My web site is www.bespokecomms.com.au

2. Tell us about ……..how it each came to be?

My career is has been all about communications. That is all I have ever done for almost 20 years– so my path from student to cadet to senior journalist to PR professional was in many ways logical and not revolutionary for many in my field. Starting a business was though!

3. Can you talk us through any obstacles that you have faced in building your company?

  • Finding and keeping the good eggs– I have found a stable of reliable, casual labour to ensure that the business is not burdened with overheads we can ill afford should a client take a break or I am on leave for a month with no work to do for staff.
  • Being tough but fair – Hire slowly, fire quickly.

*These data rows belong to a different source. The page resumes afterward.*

(* For every integer $n\geq 3$ there exists a strongly $2$-connected $(n-1)$-regular digraph on $2n$ vertices with no Hamilton cycle. For every integer $n\geq 3$ there exists a strongly $2$-connected $(n-1)$-regular oriented graph on $4n+2$ vertices with no Hamilton cycle.
   Context: A digraph has no loops and at most one edge in each direction between two vertices; an oriented graph has at most one edge between any two vertices. A digraph is $d$-regular if every vertex has in- and outdegree exactly $d$. Strongly 2-connected means the digraph has at least three vertices and remains strongly connected after deleting any single vertex. A Hamilton cycle is a directed cycle through all vertices. *)

theory Defs
  imports Main
begin

text \<open>A digraph is given by a vertex set V and an edge set E of ordered pairs.
  Using a set of pairs means at most one edge in each direction between two vertices.\<close>

definition digraph :: "'a set \<Rightarrow> ('a \<times> 'a) set \<Rightarrow> bool" where
  "digraph V E \<longleftrightarrow> finite V \<and> E \<subseteq> V \<times> V \<and> (\<forall>v. (v, v) \<notin> E)"

definition oriented_graph :: "'a set \<Rightarrow> ('a \<times> 'a) set \<Rightarrow> bool" where
  "oriented_graph V E \<longleftrightarrow> digraph V E \<and> (\<forall>u v. (u, v) \<in> E \<longrightarrow> (v, u) \<notin> E)"

definition out_degree :: "('a \<times> 'a) set \<Rightarrow> 'a \<Rightarrow> nat" where
  "out_degree E v = card {u. (v, u) \<in> E}"

definition in_degree :: "('a \<times> 'a) set \<Rightarrow> 'a \<Rightarrow> nat" where
  "in_degree E v = card {u. (u, v) \<in> E}"

definition regular :: "nat \<Rightarrow> 'a set \<Rightarrow> ('a \<times> 'a) set \<Rightarrow> bool" where
  "regular d V E \<longleftrightarrow> (\<forall>v\<in>V. in_degree E v = d \<and> out_degree E v = d)"

definition strongly_connected :: "'a set \<Rightarrow> ('a \<times> 'a) set \<Rightarrow> bool" where
  "strongly_connected V E \<longleftrightarrow> (\<forall>u\<in>V. \<forall>v\<in>V. (u, v) \<in> (E \<inter> (V \<times> V))\<^sup>*)"

definition strongly_2_connected :: "'a set \<Rightarrow> ('a \<times> 'a) set \<Rightarrow> bool" where
  "strongly_2_connected V E \<longleftrightarrow> card V \<ge> 3 \<and> strongly_connected V E \<and>
     (\<forall>x\<in>V. strongly_connected (V - {x}) (E \<inter> ((V - {x}) \<times> (V - {x}))))"

definition hamiltonian :: "'a set \<Rightarrow> ('a \<times> 'a) set \<Rightarrow> bool" where
  "hamiltonian V E \<longleftrightarrow> (\<exists>vs. vs \<noteq> [] \<and> distinct vs \<and> set vs = V \<and>
     (\<forall>i < length vs. (vs ! i, vs ! ((i + 1) mod length vs)) \<in> E))"

end

theory Submission
  imports Defs
begin

text \<open>Let H be a digraph on m vertices in which every vertex has in- and outdegree d, except
  two ports s1, s2 of in- and outdegree d - 1. Two disjoint copies of H joined by the 4-cycle
  s1 \<rightarrow> s2' \<rightarrow> s2 \<rightarrow> s1' \<rightarrow> s1 through the ports form a d-regular digraph. Every edge between
  the copies lies on this 4-cycle, and a Hamilton cycle, which has to leave and re-enter each
  copy, is forced to use all four of its edges and hence to be the 4-cycle itself. The doubled
  digraph stays strongly connected after deleting a vertex z as soon as, in H - z, every vertex
  reaches and is reached from a port other than z: the copy without z is intact, and each port
  has an edge to it and one from it.

  For digraphs, H is the complete digraph on n vertices without the two edges between the ports.
  For oriented graphs, H is the rotational tournament on 2n - 1 vertices in which 2(n - 2) edges
  are rerouted through two new port vertices.\<close>

lemma rtrancl_map:
  assumes "(a, b) \<in> r\<^sup>*" and "\<And>x y. (x, y) \<in> r \<Longrightarrow> (f x, f y) \<in> s"
  shows "(f a, f b) \<in> s\<^sup>*"
  using assms(1) by induction (auto intro: rtrancl_into_rtrancl assms(2))

lemma strongly_connected_restrict: "strongly_connected V (E \<inter> V \<times> V) \<longleftrightarrow> strongly_connected V E"
  by (simp add: strongly_connected_def Int_assoc)

lemma finite_out_neighbours: "finite E \<Longrightarrow> finite {w. (v, w) \<in> E}"
  by (rule finite_subset[of _ "snd ` E"]) force+

lemma finite_in_neighbours: "finite E \<Longrightarrow> finite {w. (w, v) \<in> E}"
  by (rule finite_subset[of _ "fst ` E"]) force+

lemma out_degree_Un:
  assumes "finite E1" "finite E2" "E1 \<inter> E2 = {}"
  shows "out_degree (E1 \<union> E2) v = out_degree E1 v + out_degree E2 v"
proof -
  have "{w. (v, w) \<in> E1 \<union> E2} = {w. (v, w) \<in> E1} \<union> {w. (v, w) \<in> E2}" by blast
  then show ?thesis
    unfolding out_degree_def using assms by (auto intro: card_Un_disjoint finite_out_neighbours)
qed

lemma in_degree_Un:
  assumes "finite E1" "finite E2" "E1 \<inter> E2 = {}"
  shows "in_degree (E1 \<union> E2) v = in_degree E1 v + in_degree E2 v"
proof -
  have "{w. (w, v) \<in> E1 \<union> E2} = {w. (w, v) \<in> E1} \<union> {w. (w, v) \<in> E2}" by blast
  then show ?thesis
    unfolding in_degree_def using assms by (auto intro: card_Un_disjoint finite_in_neighbours)
qed

lemma out_degree_4_cycle:
  assumes "distinct [a, b, c, e]"
  shows "out_degree {(a, b), (b, c), (c, e), (e, a)} v = (if v \<in> {a, b, c, e} then 1 else 0)"
proof -
  have "{w. (v, w) \<in> {(a, b), (b, c), (c, e), (e, a)}} =
      (if v = a then {b} else if v = b then {c} else if v = c then {e} else if v = e then {a} else {})"
    using assms by auto
  then show ?thesis by (simp add: out_degree_def)
qed

lemma in_degree_4_cycle:
  assumes "distinct [a, b, c, e]"
  shows "in_degree {(a, b), (b, c), (c, e), (e, a)} v = (if v \<in> {a, b, c, e} then 1 else 0)"
proof -
  have "{w. (w, v) \<in> {(a, b), (b, c), (c, e), (e, a)}} =
      (if v = a then {e} else if v = b then {a} else if v = c then {b} else if v = e then {c} else {})"
    using assms by auto
  then show ?thesis by (simp add: in_degree_def)
qed

lemma rtrancl_consecutive:
  assumes "\<And>k. a \<le> k \<Longrightarrow> k < b \<Longrightarrow> (k, Suc k) \<in> R" and "a \<le> b"
  shows "(a, b) \<in> R\<^sup>*"
  using assms(2,1) by (induction b rule: dec_induct) (auto intro: rtrancl_into_rtrancl)

lemma card_insert_Diff_swap:
  assumes "finite S" "a \<in> S" "b \<notin> S"
  shows "card (insert b (S - {a})) = card S"
  using assms card_gt_0_iff[of S] by (auto simp: card_Diff_singleton)

definition cyclic_successor :: "'a set \<Rightarrow> ('a \<times> 'a) set \<Rightarrow> ('a \<Rightarrow> 'a) \<Rightarrow> bool" where
  "cyclic_successor V E \<sigma> \<longleftrightarrow> (\<forall>v\<in>V. \<sigma> v \<in> V \<and> (v, \<sigma> v) \<in> E) \<and>
     (\<forall>S\<subseteq>V. S \<noteq> {} \<longrightarrow> \<sigma> ` S \<subseteq> S \<longrightarrow> S = V)"

lemma hamiltonian_imp_cyclic_successor:
  assumes "hamiltonian V E"
  obtains \<sigma> where "cyclic_successor V E \<sigma>"
proof -
  obtain vs where "vs \<noteq> []" and dist: "distinct vs" and set_vs: "set vs = V"
    and cycle: "\<forall>i < length vs. (vs ! i, vs ! ((i + 1) mod length vs)) \<in> E"
    using assms unfolding hamiltonian_def by blast
  define L where "L = length vs"
  have "L > 0" using \<open>vs \<noteq> []\<close> by (simp add: L_def)
  have V_nth: "V = (!) vs ` {..<L}" using set_vs by (auto simp: L_def set_conv_nth)
  define \<sigma> where "\<sigma> v = vs ! ((the_inv_into {..<L} ((!) vs) v + 1) mod L)" for v
  have \<sigma>_nth: "\<sigma> (vs ! i) = vs ! ((i + 1) mod L)" if "i < L" for i
    using that dist by (simp add: \<sigma>_def L_def the_inv_into_f_f inj_on_nth)
  have closed_eq: "S = V" if S: "S \<subseteq> V" "S \<noteq> {}" "\<sigma> ` S \<subseteq> S" for S
  proof -
    obtain i where "i < L" "vs ! i \<in> S" using S(1,2) V_nth by blast
    have orbit: "vs ! ((i + k) mod L) \<in> S" for k
    proof (induction k)
      case 0
      then show ?case using \<open>i < L\<close> \<open>vs ! i \<in> S\<close> by simp
    next
      case (Suc k)
      then have "\<sigma> (vs ! ((i + k) mod L)) \<in> S" using S(3) by blast
      then show ?case using \<open>L > 0\<close> by (simp add: \<sigma>_nth mod_Suc_eq)
    qed
    have "vs ! j \<in> S" if "j < L" for j
      using orbit[of "L - i + j"] \<open>i < L\<close> that by simp
    then show ?thesis using S(1) V_nth by blast
  qed
  have "cyclic_successor V E \<sigma>"
    unfolding cyclic_successor_def
    using \<sigma>_nth cycle closed_eq \<open>L > 0\<close> by (auto simp: V_nth L_def)
  then show thesis by (rule that)
qed

lemma cyclic_successor_leaves:
  assumes "cyclic_successor V E \<sigma>" and "S \<subseteq> V" "s \<in> S" "v \<in> V - S"
  obtains t where "t \<in> S" "\<sigma> t \<in> V - S"
  using assms unfolding cyclic_successor_def by blast

locale four_cycle_cut =
  fixes V :: "'a set" and E :: "('a \<times> 'a) set" and A :: "'a set" and a1 a2 x y :: 'a
  assumes A_subset: "A \<subseteq> V"
    and inside: "a1 \<in> A" "a2 \<in> A" "a1 \<noteq> a2"
    and outside: "x \<in> V - A" "y \<in> V - A" "x \<noteq> y"
    and exit_edges: "\<And>u v. (u, v) \<in> E \<Longrightarrow> u \<in> A \<Longrightarrow> v \<notin> A \<Longrightarrow> (u, v) = (a1, y) \<or> (u, v) = (a2, x)"
    and entry_edges: "\<And>u v. (u, v) \<in> E \<Longrightarrow> u \<notin> A \<Longrightarrow> v \<in> A \<Longrightarrow> (u, v) = (x, a1) \<or> (u, v) = (y, a2)"
begin

lemma swap: "four_cycle_cut V E A a2 a1 y x"
  using A_subset inside outside exit_edges entry_edges by unfold_locales blast+

text \<open>Each edge of the 4-cycle forces the next one: after a2 \<rightarrow> x the cycle still has to enter
  A - {a2}, which only x \<rightarrow> a1 does; after x \<rightarrow> a1 it still has to leave A \<union> {x}, which only
  a1 \<rightarrow> y does.\<close>
lemma forced_entry:
  assumes \<sigma>: "cyclic_successor V E \<sigma>" and "\<sigma> a2 = x"
  shows "\<sigma> x = a1"
proof -
  obtain t where t: "t \<in> (V - A) \<union> {a2}" "\<sigma> t \<in> V - ((V - A) \<union> {a2})"
    using cyclic_successor_leaves[OF \<sigma>, of "(V - A) \<union> {a2}" x a1] A_subset inside outside by blast
  then have "t \<in> V - A" using \<open>\<sigma> a2 = x\<close> outside by auto
  moreover have "(t, \<sigma> t) \<in> E" using \<sigma> t(1) A_subset inside unfolding cyclic_successor_def by blast
  ultimately show ?thesis using entry_edges[of t "\<sigma> t"] t by auto
qed

lemma forced_exit:
  assumes \<sigma>: "cyclic_successor V E \<sigma>" and "\<sigma> x = a1"
  shows "\<sigma> a1 = y"
proof -
  obtain t where t: "t \<in> A \<union> {x}" "\<sigma> t \<in> V - (A \<union> {x})"
    using cyclic_successor_leaves[OF \<sigma>, of "A \<union> {x}" x y] A_subset outside by blast
  then have "t \<in> A" using \<open>\<sigma> x = a1\<close> inside by auto
  moreover have "(t, \<sigma> t) \<in> E" using \<sigma> t(1) A_subset outside unfolding cyclic_successor_def by blast
  ultimately show ?thesis using exit_edges[of t "\<sigma> t"] t by auto
qed
lemma csat_psi_D:
  assumes f: "continuous_on {0..} f" and B: "closed B" and "csat f 0 (psi (Atom B))"
  shows "(\<forall>t\<in>{0..8}. f t \<notin> B) \<and> (\<exists>t\<in>{8<..<9}. f t \<in> B)"
proof -
  from \<open>csat f 0 (psi (Atom B))\<close> have f0: "f 0 \<notin> B" and early: "\<forall>t\<in>{0<..<8}. f t \<notin> B"
    and "\<exists>s\<in>{1<..<2}. csat f s (phi2 (Atom B))"
    unfolding csat.simps(1) csat.simps(2-4)[of f 0] add_0 by blast+
  then obtain s where s: "s \<in> {1<..<2}" "csat f s (phi2 (Atom B))" by blast
  then have "csat f (s + 2) (phi1 (Atom B))"
    by (subst (asm) csat_Dia_exactly_at) auto
  moreover have "0 \<le> s + 2" using s(1) by simp
  ultimately have no_hit: "\<forall>r\<in>{2<..<5}. f (s + 2 + r) \<notin> B" and hit: "f (s + 2 + 5) \<in> B"
    using csat_phi1_D[OF f B] by blast+
  have "f 8 \<notin> B" using no_hit[rule_format, of "6 - s"] s(1) by simp
  then have "\<forall>t\<in>{0..8}. f t \<notin> B" using f0 early by (auto simp: le_less)
  moreover have "s + 7 \<in> {8<..<9}" "f (s + 7) \<in> B" using s(1) hit by (auto simp: add.assoc)
  ultimately show ?thesis by blast
qed

lemma csat_psi_I:
  assumes f: "continuous_on {0..} f" and B: "closed B"
    and below: "\<forall>t\<in>{0..8}. f t \<notin> B" and t1: "t1 \<in> {8<..<9}" "f t1 \<in> B"
  shows "csat f 0 (psi (Atom B))"
proof -
  have cont: "continuous_on {8..t1} f" using f by (rule continuous_on_subset) auto
  have "8 \<le> t1" using t1(1) by simp
  then obtain T where T: "T \<in> {8..t1}" "f T \<in> B" and before_T: "\<And>t. t \<in> {8..<T} \<Longrightarrow> f t \<notin> B"
    using continuous_first_hit[OF cont B t1(2)] by blast
  have "T \<noteq> 8" using below T(2) by auto
  with T(1) t1(1) have T89: "8 < T" "T < 9" by auto
  have no_hit: "f t \<notin> B" if "0 \<le> t" "t < T" for t
    using below before_T that by (cases "t \<le> 8") auto
  define s where "s = T - 7"
  have s: "s \<in> {1<..<2}" using T89 by (simp add: s_def)
  have "csat f (s + 2) (phi1 (Atom B))"
    using no_hit T(2) s by (intro csat_phi1_I) (auto simp: s_def)
  moreover have "\<not> csat f (s + u) (phi1 (Atom B))" if u: "u \<in> {1<..<3} - {2}" for u
  proof
    assume phi1: "csat f (s + u) (phi1 (Atom B))"
    have "0 \<le> s + u" using s u by simp
    note phi1_D = csat_phi1_D[OF f B this phi1]
    show False
    proof (cases "u < 2")
      case True
      then show False using phi1_D(2) no_hit[of "s + u + 5"] s u by (simp add: s_def)
    next
      case False
      then have "T - (s + u) \<in> {2<..<5}" using u by (auto simp: s_def)
      then have "f (s + u + (T - (s + u))) \<notin> B" using phi1_D(1) by blast
      then show False using T(2) by simp
    qed
  qed
  ultimately have "csat f s (phi2 (Atom B))"
    by (subst csat_Dia_exactly_at) auto
  then show ?thesis using below s by auto
qed

lemma csat_psi_iff:
  assumes "continuous_on {0..} f" and "closed B"
  shows "csat f 0 (psi (Atom B)) \<longleftrightarrow> (\<forall>t\<in>{0..8}. f t \<notin> B) \<and> (\<exists>t\<in>{8<..<9}. f t \<in> B)"
  using csat_psi_D[OF assms] csat_psi_I[OF assms] by blast

section \<open>Dyadic points\<close>

lemma closure_Icc_Int_dyadics:
  assumes "0 \<le> a" "a < b"
  shows "closure ({a..b} \<inter> dyadics) = {a..(b::real)}"
  using closure_dyadic_rationals_in_convex_set_pos_1[of "{a..b}"] assms
  by (simp add: dyadics_def)

lemma countable_dyadics: "countable (dyadics :: real set)"
  by (simp add: dyadics_def)

lemma continuous_less_on_Icc_iff_dyadics:
  fixes f :: "real \<Rightarrow> real"
  assumes f: "continuous_on {a..b} f" and "0 \<le> a" "a < b"
  shows "(\<forall>t\<in>{a..b}. f t < c) \<longleftrightarrow> (\<exists>k. \<forall>q\<in>{a..b} \<inter> dyadics. f q \<le> c - inverse (real (Suc k)))"
proof
  assume below: "\<forall>t\<in>{a..b}. f t < c"
  have "{a..b} \<noteq> {}" using \<open>a < b\<close> by simp
  then obtain x where x: "x \<in> {a..b}" "\<forall>t\<in>{a..b}. f t \<le> f x"
    using continuous_attains_sup[OF compact_Icc _ f] by blast
  then have "0 < c - f x" using below by simp
  then obtain k where k: "inverse (real (Suc k)) < c - f x"
    using reals_Archimedean by blast
  have "f q \<le> c - inverse (real (Suc k))" if "q \<in> {a..b} \<inter> dyadics" for q
    using that x(2) k by (smt (verit) IntD1)
  then show "\<exists>k. \<forall>q\<in>{a..b} \<inter> dyadics. f q \<le> c - inverse (real (Suc k))" by blast
next
  assume "\<exists>k. \<forall>q\<in>{a..b} \<inter> dyadics. f q \<le> c - inverse (real (Suc k))"
  then obtain k where k: "\<And>q. q \<in> {a..b} \<inter> dyadics \<Longrightarrow> f q \<le> c - inverse (real (Suc k))" by blast
  have closure: "closure ({a..b} \<inter> dyadics) = {a..b}"
    using closure_Icc_Int_dyadics[OF assms(2,3)] .
  show "\<forall>t\<in>{a..b}. f t < c"
  proof
    fix t assume "t \<in> {a..b}"
    then have "f t \<le> c - inverse (real (Suc k))"
      using continuous_le_on_closure[of "{a..b} \<inter> dyadics" f t, unfolded closure] f k by blast
    moreover have "0 < inverse (real (Suc k))" by simp
    ultimately show "f t < c" by linarith
  qed
qed

lemma continuous_le_if_le_on_dyadic_grid:
  fixes f :: "real \<Rightarrow> real"
  assumes f: "continuous_on {0..T} f" and "0 < T"
    and grid: "\<And>k j. j \<le> 2 ^ k \<Longrightarrow> f (T * real j / 2 ^ k) \<le> a"
    and t: "t \<in> {0..T}"
  shows "f t \<le> a"
proof -
  have closure: "closure ({0..1} \<inter> dyadics) = {0..1::real}"
    by (rule closure_Icc_Int_dyadics) simp_all
  have "(\<lambda>x. T * x) ` {0..1} \<subseteq> {0..T}"
    using \<open>0 < T\<close> by (auto intro: mult_left_le)
  then have cont: "continuous_on (closure ({0..1} \<inter> dyadics)) (\<lambda>x. f (T * x))"
    unfolding closure by (intro continuous_on_compose2[OF f] continuous_intros)
  have below: "f (T * x) \<le> a" if x_dyadic: "x \<in> {0..1} \<inter> dyadics" for x
  proof -
    obtain k j where x: "x = real j / 2 ^ k" using x_dyadic unfolding dyadics_def by blast
    then have "real j \<le> 2 ^ k" using x_dyadic by (simp add: divide_le_eq)
    then have "j \<le> 2 ^ k" by (metis of_nat_le_iff of_nat_numeral of_nat_power)
    then show ?thesis using grid x by simp
  qed
  have "t / T \<in> closure ({0..1} \<inter> dyadics)"
    unfolding closure using t \<open>0 < T\<close> by simp
  then have "f (T * (t / T)) \<le> a"
    using continuous_le_on_closure[OF cont _ below] by blast
  then show ?thesis using \<open>0 < T\<close> by simp
qed

section \<open>Brownian motion\<close>

lemma brownian_motion_prob_space: "brownian_motion M X \<Longrightarrow> prob_space M"
  by (simp add: brownian_motion_def)

lemma brownian_motion_measurable: "brownian_motion M X \<Longrightarrow> 0 \<le> t \<Longrightarrow> X t \<in> borel_measurable M"
  by (simp add: brownian_motion_def)

lemma brownian_motion_zero: "brownian_motion M X \<Longrightarrow> \<omega> \<in> space M \<Longrightarrow> X 0 \<omega> = 0"
  by (simp add: brownian_motion_def)

lemma brownian_motion_continuous:
  "brownian_motion M X \<Longrightarrow> \<omega> \<in> space M \<Longrightarrow> continuous_on {0..} (\<lambda>t. X t \<omega>)"
  by (simp add: brownian_motion_def)

lemma brownian_motion_increment_normal:
  "brownian_motion M X \<Longrightarrow> 0 \<le> s \<Longrightarrow> s < t \<Longrightarrow>
    distributed M lborel (\<lambda>\<omega>. X t \<omega> - X s \<omega>) (\<lambda>x. ennreal (normal_density 0 (sqrt (t - s)) x))"
  by (simp add: brownian_motion_def)

lemma brownian_motion_indep_increments:
  "brownian_motion M X \<Longrightarrow> 0 \<le> ts 0 \<Longrightarrow> (\<And>i. i < n \<Longrightarrow> ts i < ts (Suc i)) \<Longrightarrow>
    prob_space.indep_vars M (\<lambda>_. borel) (\<lambda>i \<omega>. X (ts (Suc i)) \<omega> - X (ts i) \<omega>) {..<n}"
  unfolding brownian_motion_def by blast

lemma brownian_motion_normal:
  assumes BM: "brownian_motion M X" and "0 < t"
  shows "distributed M lborel (X t) (\<lambda>x. ennreal (normal_density 0 (sqrt t) x))"
proof -
  have eq: "X t \<omega> - X 0 \<omega> = X t \<omega>" if "\<omega> \<in> space M" for \<omega>
    using brownian_motion_zero[OF BM that] by simp
  have "distributed M lborel (\<lambda>\<omega>. X t \<omega> - X 0 \<omega>) (\<lambda>x. ennreal (normal_density 0 (sqrt t) x))"
    using brownian_motion_increment_normal[OF BM order_refl \<open>0 < t\<close>] by simp
  moreover have "distr M lborel (\<lambda>\<omega>. X t \<omega> - X 0 \<omega>) = distr M lborel (X t)"
    by (rule distr_cong) (simp_all add: eq)
  moreover have "(\<lambda>\<omega>. X t \<omega> - X 0 \<omega>) \<in> borel_measurable M \<longleftrightarrow> X t \<in> borel_measurable M"
    by (rule measurable_cong) (simp add: eq)
  ultimately show ?thesis by (simp add: distributed_def)
qed

lemma strict_mono_nonneg:
  fixes f :: "nat \<Rightarrow> 'a::{linorder, zero}"
  assumes "strict_mono f" "f 0 = 0"
  shows "0 \<le> f j"
  using strict_monoD[OF assms(1), of 0 j] assms(2) by (cases "j = 0") auto

lemma brownian_motion_telescope:
  assumes BM: "brownian_motion M X" and "ts 0 = 0" and "\<omega> \<in> space M"
  shows "(\<Sum>i<j. X (ts (Suc i)) \<omega> - X (ts i) \<omega>) = X (ts j) \<omega>"
  using sum_lessThan_telescope[of "\<lambda>i. X (ts i) \<omega>" j] brownian_motion_zero[OF BM assms(3)] assms(2)
  by simp

lemma (in prob_space) prob_normal_symmetric:
  assumes Y: "distributed M lborel Y (\<lambda>x. ennreal (normal_density 0 \<sigma> x))"
    and "0 < \<sigma>" and A: "A \<in> sets borel"
  shows "prob {\<omega>\<in>space M. Y \<omega> \<in> A} = prob {\<omega>\<in>space M. - Y \<omega> \<in> A}"
proof -
  have "distributed M lborel (\<lambda>x. 0 + (-1) * Y x) (\<lambda>x. ennreal (normal_density (0 + (-1) * 0) (\<bar>-1\<bar> * \<sigma>) x))"
    by (rule normal_density_affine[OF Y \<open>0 < \<sigma>\<close>]) simp
  then have Y': "distributed M lborel (\<lambda>x. - Y x) (\<lambda>x. ennreal (normal_density 0 \<sigma> x))"
    by simp
  have "emeasure M (Y -` A \<inter> space M) = emeasure M ((\<lambda>x. - Y x) -` A \<inter> space M)"
    using distributed_emeasure[OF Y] distributed_emeasure[OF Y'] A by simp
  then show ?thesis by (simp add: measure_def vimage_def Int_def conj_commute)
qed

lemma (in prob_space) prob_normal_interval_pos:
  assumes Y: "distributed M lborel Y (\<lambda>x. ennreal (normal_density \<mu> \<sigma> x))"
    and "0 < \<sigma>" and "c < d"
  shows "0 < prob {\<omega>\<in>space M. c < Y \<omega> \<and> Y \<omega> < d}"
proof -
  have eq: "emeasure M (Y -` {c<..<d} \<inter> space M) =
      (\<integral>\<^sup>+x. ennreal (normal_density \<mu> \<sigma> x) * indicator {c<..<d} x \<partial>lborel)"
    using distributed_emeasure[OF Y] by simp
  have "emeasure M (Y -` {c<..<d} \<inter> space M) \<noteq> 0"
  proof
    assume "emeasure M (Y -` {c<..<d} \<inter> space M) = 0"
    then have "AE x in lborel. ennreal (normal_density \<mu> \<sigma> x) * indicator {c<..<d} x = 0"
      unfolding eq by (subst (asm) nn_integral_0_iff_AE) auto
    then have "AE x in lborel. x \<notin> {c<..<d}"
      using normal_density_pos[OF \<open>0 < \<sigma>\<close>, THEN less_imp_neq, of \<mu>]
      by (auto elim!: AE_mp simp: indicator_def)
    then have "emeasure lborel {c<..<d} = 0"
      by (subst (asm) AE_iff_measurable[of "{c<..<d}"]) auto
    then show False using \<open>c < d\<close> by simp
  qed
  then have "prob (Y -` {c<..<d} \<inter> space M) \<noteq> 0"
    by (simp add: emeasure_eq_measure)
  moreover have "Y -` {c<..<d} \<inter> space M = {\<omega>\<in>space M. c < Y \<omega> \<and> Y \<omega> < d}" by auto
  ultimately show ?thesis using measure_nonneg[of M] by (simp add: order_less_le)
qed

That goes for clients, suppliers and employees.
  • Match and aspire – For where the business is now, I have found the most suitable clients for my cash flow, profile and service capability are mid-sized firms or project of larger corporates doing new campaigns that demand an agile and experienced communications agent. It means saying no to clients sometimes. One man bands no matter how edgy, exciting or personally engaging that don’t have the experience with a PR agency, limited budget and a need for too much “hand holding” are more energy than reward.

4. Was founding your own business something you always had on the career agenda?

If you had asked me when I finished high school, the answer would be “no thanks.” I wanted to be a journalist and work for a major newspaper or TV network. End of story. But in hindsight my desire to achieve a lot at a young age both personally and professionally were certainly the building blocks to set up a business. Thankfully I did as there are so few staff reporter jobs any more.

5. What advice would you give to any of our readers who dream of starting up their own business but just don’t know where to begin?

  • Do your homework on your idea and work out your cash flow early on as most SMEs don’t last five years for a good reason. I was holding down a full time job when I started my PR consultancy.
  • Decide whether you want to be a partnership, hire a team of staff or remain a sole trader. It’s very important to also be clear to why you started the business – have a vision.
  • Do not be dogged down by how you have always done things. Being innovative and nimble are all part of the modern business landscape.
  • Listen to everyone but only do what is right for your brand

6. What has been the most profound thing you have learnt to date in your career?

Being the smartest guy or girl in the room is no guarantee of financial success.

7. How would you best describe your investment style in three words?

Cautious but not traditional. I own lots of great art (which to me is an investment of the soul and the future bank balance), have bought an investment property but still rent the space where I live and work.